Consider grassroots movements, collaborative economies, and solidarity networks that emerge in times of crisis. They are like pioneer species, preparing the ground for others to flourish. Participatory budgeting in some cities, for example, is a form of decentralization inspired by ecosystems, where decision-making power circulates, creating resilience. The same is true for restorative justice initiatives, which aim to heal social wounds through dialogue rather than punishment.

Perhaps the most important lesson of biomimetics for this moment is recognizing that we are not outside of nature — we are nature. If it collapses, we collapse with it. In that sense, the ancestral cosmologies of indigenous peoples, especially Native Americans, have much to teach us. For them, there is no separation between what is culture and what is nature. The mountain, the river, the wind, the sun, and the moon are kin, just as the objects and technologies they create are also part of nature. For the Yanomami, for instance, the bow and arrow are not merely hunting tools; they carry a spirit and are part of a symbiotic relationship with the forest. The bow represents the extension of the hunter’s strength and intention, while the arrow, in flight, carries not only the energy of the human but also that of the environment sustaining it.

In the tradition of Arctic peoples, such as the Inuit, ice houses are more than shelters. They are seen as temporary organisms, breathing with the climate and the rhythm of the community. The igloo is built from the environment itself, using compacted snow, and then disintegrates back into the ecosystem when no longer needed, leaving no trace. It is part of the natural cycle — not something separate from it. The relationship with the world is not one of ownership, but of belonging. Time is not a straight line toward progress, but a cycle of constant renewal. It is not about romanticizing the past, but remembering that there have been — and still are — ways of life not based on the illusion of separation, ways in which peoples understood long before any scientific theory that true strength lies in interdependence.

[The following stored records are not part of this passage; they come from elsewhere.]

inductive exec :: "env \<Rightarrow> cmd \<Rightarrow> st \<Rightarrow> st \<Rightarrow> nat \<Rightarrow> bool" where
  Atom: "is_atom c \<Longrightarrow> exec e c s (atom e c s) 1"
| Seq: "exec e c1 s s1 n1 \<Longrightarrow> exec e c2 s1 s2 n2 \<Longrightarrow> exec e (Seq c1 c2) s s2 (n1 + n2)"
| IfT: "tval b s \<Longrightarrow> exec e c1 s t n \<Longrightarrow> exec e (If b c1 c2) s t (n + 1)"
| IfF: "\<not> tval b s \<Longrightarrow> exec e c2 s t n \<Longrightarrow> exec e (If b c1 c2) s t (n + 1)"
| WhileF: "\<not> tval b s \<Longrightarrow> exec e (While b c) s s 1"
| WhileT: "tval b s \<Longrightarrow> exec e c s s1 n1 \<Longrightarrow> exec e (While b c) s1 t n2 \<Longrightarrow>
           exec e (While b c) s t (n1 + n2 + 1)"

definition init_st :: st where
  "init_st = \<lparr>nr = (\<lambda>_. 0), rr = (\<lambda>_. 0), nm = (\<lambda>_. 0), rm = (\<lambda>_. 0),
              obuy = {}, oanc = (\<lambda>_. (0, 0))\<rparr>"

definition anchors_of :: "nat \<Rightarrow> nat \<Rightarrow> st \<Rightarrow> (real \<Rightarrow> nat) \<Rightarrow> (real \<Rightarrow> nat) \<Rightarrow> bool" where
  "anchors_of V K t l r \<longleftrightarrow>
     (\<forall>k\<in>{0..(V - 1) * K}. l (vu K k) = fst (oanc t k) \<and> r (vu K k) = snd (oanc t k))"

definition inst_size :: "nat \<Rightarrow> nat \<Rightarrow> nat" where
  "inst_size V K = V + ((V - 1) * K + 1)"

end

theory Submission
  imports Defs
begin

text \<open>
  Every feasible solution buys views 1 and V. By the monotonicity of D, a virtual view strictly
  between consecutive purchased views b < c is best anchored at (b, c), and a virtual view lying on a
  purchased view b at the best of (a, b), (a, c), (b, b), (b, c), where a is the purchased view before b.
  So the cost of a solution is a sum of terms each depending on three consecutive purchased views,
  and a dynamic program over (number j of views still to buy, previous view a, current view b) finds
  the optimum; a traceback then outputs the purchased views and the anchors.
\<close>

definition halts_with :: "env \<Rightarrow> cmd \<Rightarrow> st \<Rightarrow> (st \<Rightarrow> nat \<Rightarrow> bool) \<Rightarrow> bool" where
  "halts_with e c s Q \<longleftrightarrow> (\<exists>t n. exec e c s t n \<and> Q t n)"

lemma exec_atom_inv: "exec e c s t n \<Longrightarrow> is_atom c \<Longrightarrow> t = atom e c s \<and> n = 1"
  by (induction rule: exec.induct) auto

lemma halts_with_atom [simp]: "is_atom c \<Longrightarrow> halts_with e c s Q = Q (atom e c s) 1"
  unfolding halts_with_def using exec_atom_inv by (blast intro: exec.Atom)

lemma exec_Seq_inv: "exec e (Seq c1 c2) s t n \<Longrightarrow> \<exists>s1 n1 n2. exec e c1 s s1 n1 \<and> exec e c2 s1 t n2 \<and> n = n1 + n2"
  by (cases rule: exec.cases) auto

lemma exec_If_inv: "exec e (If b c1 c2) s t n \<Longrightarrow>
   (tval b s \<and> (\<exists>m. exec e c1 s t m \<and> n = Suc m)) \<or> (\<not> tval b s \<and> (\<exists>m. exec e c2 s t m \<and> n = Suc m))"
  by (cases rule: exec.cases) auto

lemma halts_with_Seq [simp]:
  "halts_with e (Seq c1 c2) s Q = halts_with e c1 s (\<lambda>s1 n1. halts_with e c2 s1 (\<lambda>t n2. Q t (n1 + n2)))"
  unfolding halts_with_def using exec_Seq_inv by (blast intro: exec.Seq)

lemma halts_with_If [simp]: "halts_with e (If b c1 c2) s Q =
   (if tval b s then halts_with e c1 s (\<lambda>t n. Q t (Suc n)) else halts_with e c2 s (\<lambda>t n. Q t (Suc n)))"
  unfolding halts_with_def using exec_If_inv
  by (cases "tval b s") (metis exec.IfT Suc_eq_plus1, metis exec.IfF Suc_eq_plus1)

lemma exec_While_invariant:
  assumes step: "\<And>s. I s \<Longrightarrow> tval b s \<Longrightarrow> halts_with e c s (\<lambda>t n. I t \<and> \<mu> t < \<mu> s \<and> n \<le> T)"
  shows "I s \<Longrightarrow> \<exists>t n. exec e (While b c) s t n \<and> I t \<and> \<not> tval b t \<and> n \<le> \<mu> s * (T + 1) + 1"
proof (induction "\<mu> s" arbitrary: s rule: less_induct)
  case less
  show ?case
  proof (cases "tval b s")
    case False
    then show ?thesis using exec.WhileF[OF False] less.prems by fastforce
  next
    case True
    from step[OF less.prems True] obtain s1 n1 where
      ex1: "exec e c s s1 n1" and I1: "I s1" and mu: "\<mu> s1 < \<mu> s" and n1: "n1 \<le> T"
      unfolding halts_with_def by blast
    from less.hyps[OF mu I1] obtain t n2 where
      ex2: "exec e (While b c) s1 t n2" and It: "I t" "\<not> tval b t" and n2: "n2 \<le> \<mu> s1 * (T + 1) + 1"
      by blast
    have "\<mu> s1 * (T + 1) + (T + 1) \<le> \<mu> s * (T + 1)"
      using mu by (metis Suc_leI add.commute mult_Suc mult_le_mono1)
    then have "n1 + n2 + 1 \<le> \<mu> s * (T + 1) + 1" using n1 n2 by linarith
    then show ?thesis using exec.WhileT[OF True ex1 ex2] It by blast
  qed
qed

lemma halts_with_While:
  assumes "I s"
    and "\<And>s. I s \<Longrightarrow> tval b s \<Longrightarrow> halts_with e c s (\<lambda>t n. I t \<and> \<mu> t < \<mu> s \<and> n \<le> T)"
    and "\<And>t n. I t \<Longrightarrow> \<not> tval b t \<Longrightarrow> n \<le> \<mu> s * (T + 1) + 1 \<Longrightarrow> Q t n"
  shows "halts_with e (While b c) s Q"
  using exec_While_invariant[of I b e c \<mu> T s] assms unfolding halts_with_def by blast

definition keep_min :: "(nat \<Rightarrow> nat \<Rightarrow> real) \<Rightarrow> real \<times> nat \<times> nat \<Rightarrow> nat \<Rightarrow> nat \<Rightarrow> real \<times> nat \<times> nat" where
  "keep_min D p x y = (if fst p \<le> D x y then p else (D x y, (x, y)))"

text \<open>The virtual view lying on a purchased view b, between purchased neighbours a and c, may take its
  left anchor in {a, b} and its right anchor in {b, c}; this picks the best of the four pairs.\<close>
definition best_anchors :: "(nat \<Rightarrow> nat \<Rightarrow> real) \<Rightarrow> nat \<Rightarrow> nat \<Rightarrow> nat \<Rightarrow> real \<times> nat \<times> nat" where
  "best_anchors D a b c = keep_min D (keep_min D (keep_min D (D a b, (a, b)) a c) b b) b c"

lemma best_anchors_le:
  "fst (best_anchors D a b c) \<le> D a b" "fst (best_anchors D a b c) \<le> D a c"
  "fst (best_anchors D a b c) \<le> D b b" "fst (best_anchors D a b c) \<le> D b c"
  unfolding best_anchors_def keep_min_def by auto

lemma best_anchors_mem: "snd (best_anchors D a b c) \<in> {(a,b),(a,c),(b,b),(b,c)}"
  unfolding best_anchors_def keep_min_def by auto

lemma best_anchors_value:
  "D (fst (snd (best_anchors D a b c))) (snd (snd (best_anchors D a b c))) = fst (best_anchors D a b c)"
  unfolding best_anchors_def keep_min_def by auto

text \<open>Captured view b is the virtual view with index vidx e b.\<close>
definition vidx :: "env \<Rightarrow> nat \<Rightarrow> nat" where "vidx e b = (b - 1) * eK e"
definition q_at :: "env \<Rightarrow> nat \<Rightarrow> real" where "q_at e k = eQ e (vu (eK e) k)"
definition D_at :: "env \<Rightarrow> nat \<Rightarrow> nat \<Rightarrow> nat \<Rightarrow> real" where "D_at e k x y = eD e (vu (eK e) k) x y"

definition view_cost :: "env \<Rightarrow> nat \<Rightarrow> nat \<Rightarrow> nat \<Rightarrow> nat \<Rightarrow> real" where
  "view_cost e k a b c = q_at e k * fst (best_anchors (D_at e k) a b c)"

definition gap_cost :: "env \<Rightarrow> nat \<Rightarrow> nat \<Rightarrow> real" where
  "gap_cost e b c = (\<Sum>k\<in>{vidx e b<..<vidx e c}. q_at e k * D_at e k b c)"

definition next_views :: "env \<Rightarrow> nat \<Rightarrow> nat \<Rightarrow> nat set" where
  "next_views e j b = {c. b < c \<and> c \<le> eV e \<and> (c = eV e \<or> 2 \<le> j)}"

text \<open>For purchased views a \<le> b < V, where a is the purchased view preceding b
  (a = b = 1 at the start), rest_cost e j a b is the least cost of the virtual views from b on, plus the
  price of the views bought after b, when at most j further views (the last one being V) may be bought.\<close>
primrec rest_cost :: "env \<Rightarrow> nat \<Rightarrow> nat \<Rightarrow> nat \<Rightarrow> real" where
  "rest_cost e 0 a b = 0"
| "rest_cost e (Suc j) a b = Min ((\<lambda>c. view_cost e (vidx e b) a b c + gap_cost e b c + eA e +
      (if c = eV e then view_cost e (vidx e (eV e)) b (eV e) (eV e) else rest_cost e j b c)) `
      next_views e (Suc j) b)"

definition rest_cost_via :: "env \<Rightarrow> nat \<Rightarrow> nat \<Rightarrow> nat \<Rightarrow> nat \<Rightarrow> real" where
  "rest_cost_via e j a b c = view_cost e (vidx e b) a b c + gap_cost e b c + eA e +
      (if c = eV e then view_cost e (vidx e (eV e)) b (eV e) (eV e) else rest_cost e (j - 1) b c)"

lemma rest_cost_eq: "1 \<le> j \<Longrightarrow> rest_cost e j a b = Min (rest_cost_via e j a b ` next_views e j b)"
  by (cases j) (auto simp: rest_cost_via_def intro!: arg_cong[where f = Min] image_cong)

lemma finite_next_views: "finite (next_views e j b)"
  unfolding next_views_def by (rule finite_subset[of _ "{..eV e}"]) auto

lemma rest_cost_le: "1 \<le> j \<Longrightarrow> c \<in> next_views e j b \<Longrightarrow> rest_cost e j a b \<le> rest_cost_via e j a b c"
  by (simp add: rest_cost_eq finite_next_views)

lemma sum_atLeastAtMost_split3:
  fixes f :: "nat \<Rightarrow> 'a::comm_monoid_add"
  assumes "m < p" "p \<le> n"
  shows "(\<Sum>k\<in>{m..n}. f k) = f m + (\<Sum>k\<in>{m<..<p}. f k) + (\<Sum>k\<in>{p..n}. f k)"
proof -
  have "{m..n} = insert m ({m<..<p} \<union> {p..n})" using assms by auto
  moreover have "m \<notin> {m<..<p} \<union> {p..n}" using assms by auto
  moreover have "{m<..<p} \<inter> {p..n} = {}" by auto
  ultimately show ?thesis by (simp add: sum.union_disjoint add.assoc)
qed

locale ifls_dp =
  fixes e :: env and cap :: nat
  assumes inst_valid: "valid_instance (eV e) (eK e) (eQ e) (eD e)"
    and price_nonneg: "0 \<le> eA e" and V2: "2 \<le> eV e" and cap2: "2 \<le> cap"
begin

abbreviation "V \<equiv> eV e"
abbreviation "K \<equiv> eK e"
abbreviation "price \<equiv> eA e"

lemma K_ge_1: "1 \<le> K"
  using inst_valid unfolding valid_instance_def by blast

lemma q_nonneg: "u \<in> virt_views V K \<Longrightarrow> 0 \<le> eQ e u"
  using inst_valid unfolding valid_instance_def by blast

lemma D_antimono_left:
  "\<lbrakk>u \<in> virt_views V K; vr \<in> {1..V}; v' \<in> {1..V}; v \<in> {1..V}; u \<le> real vr; v' < v; real v < u\<rbrakk>
   \<Longrightarrow> eD e u v vr \<le> eD e u v' vr"
  using inst_valid unfolding valid_instance_def by blast

lemma D_mono_right:
  "\<lbrakk>u \<in> virt_views V K; vl \<in> {1..V}; v \<in> {1..V}; v' \<in> {1..V}; real vl \<le> u; u < real v; v < v'\<rbrakk>
   \<Longrightarrow> eD e u vl v \<le> eD e u vl v'"
  using inst_valid unfolding valid_instance_def by blast

lemma vidx_less_iff: "1 \<le> x \<Longrightarrow> 1 \<le> y \<Longrightarrow> vidx e x < vidx e y \<longleftrightarrow> x < y"
  using K_ge_1 unfolding vidx_def by (simp add: less_diff_iff)

lemma vidx_le_iff: "1 \<le> x \<Longrightarrow> 1 \<le> y \<Longrightarrow> vidx e x \<le> vidx e y \<longleftrightarrow> x \<le> y"
  using vidx_less_iff by (meson not_le)

lemma vidx_1: "vidx e 1 = 0" by (simp add: vidx_def)

lemma of_nat_vidx: "1 \<le> x \<Longrightarrow> real (vidx e x) = (real x - 1) * real K"
  unfolding vidx_def by (simp add: of_nat_diff)

lemma vu_le_iff: "1 \<le> x \<Longrightarrow> vu K k \<le> real x \<longleftrightarrow> k \<le> vidx e x"
proof -
  assume x: "1 \<le> x"
  have "vu K k \<le> real x \<longleftrightarrow> real k / real K \<le> real x - 1" unfolding vu_def by linarith
  also have "\<dots> \<longleftrightarrow> real k \<le> real (vidx e x)" using K_ge_1 x by (simp add: divide_le_eq of_nat_vidx)
  finally show ?thesis by simp
qed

Similarly, perhaps we should recognize that artificial intelligences and other exponential technologies are extensions of the same vital process that created us, and we might see them (and evaluate them) not solely as threatening tools but as inherent parts of the complex solutions to the unprecedented challenges we face. Everything is part of the problem. Everything is part of the solution. What will make the difference is our ability, even in the midst of chaos, to take a deep breath and catalyze the strength of the collective — for it is from there that our success as a species will arise. After all, the creative force of evolution has never been about separation, but about connection.

If “enTRUMPia” is the perfect storm, then the antidote lies at the margins, in those transitional spaces where new forms of life can emerge. Chaos is not the end — it is the ground in which forgotten seeds finally find the conditions to germinate.

Nature does not fight collapse. It endures, learns from it, and reinvents itself. Perhaps that is inevitably what we must do.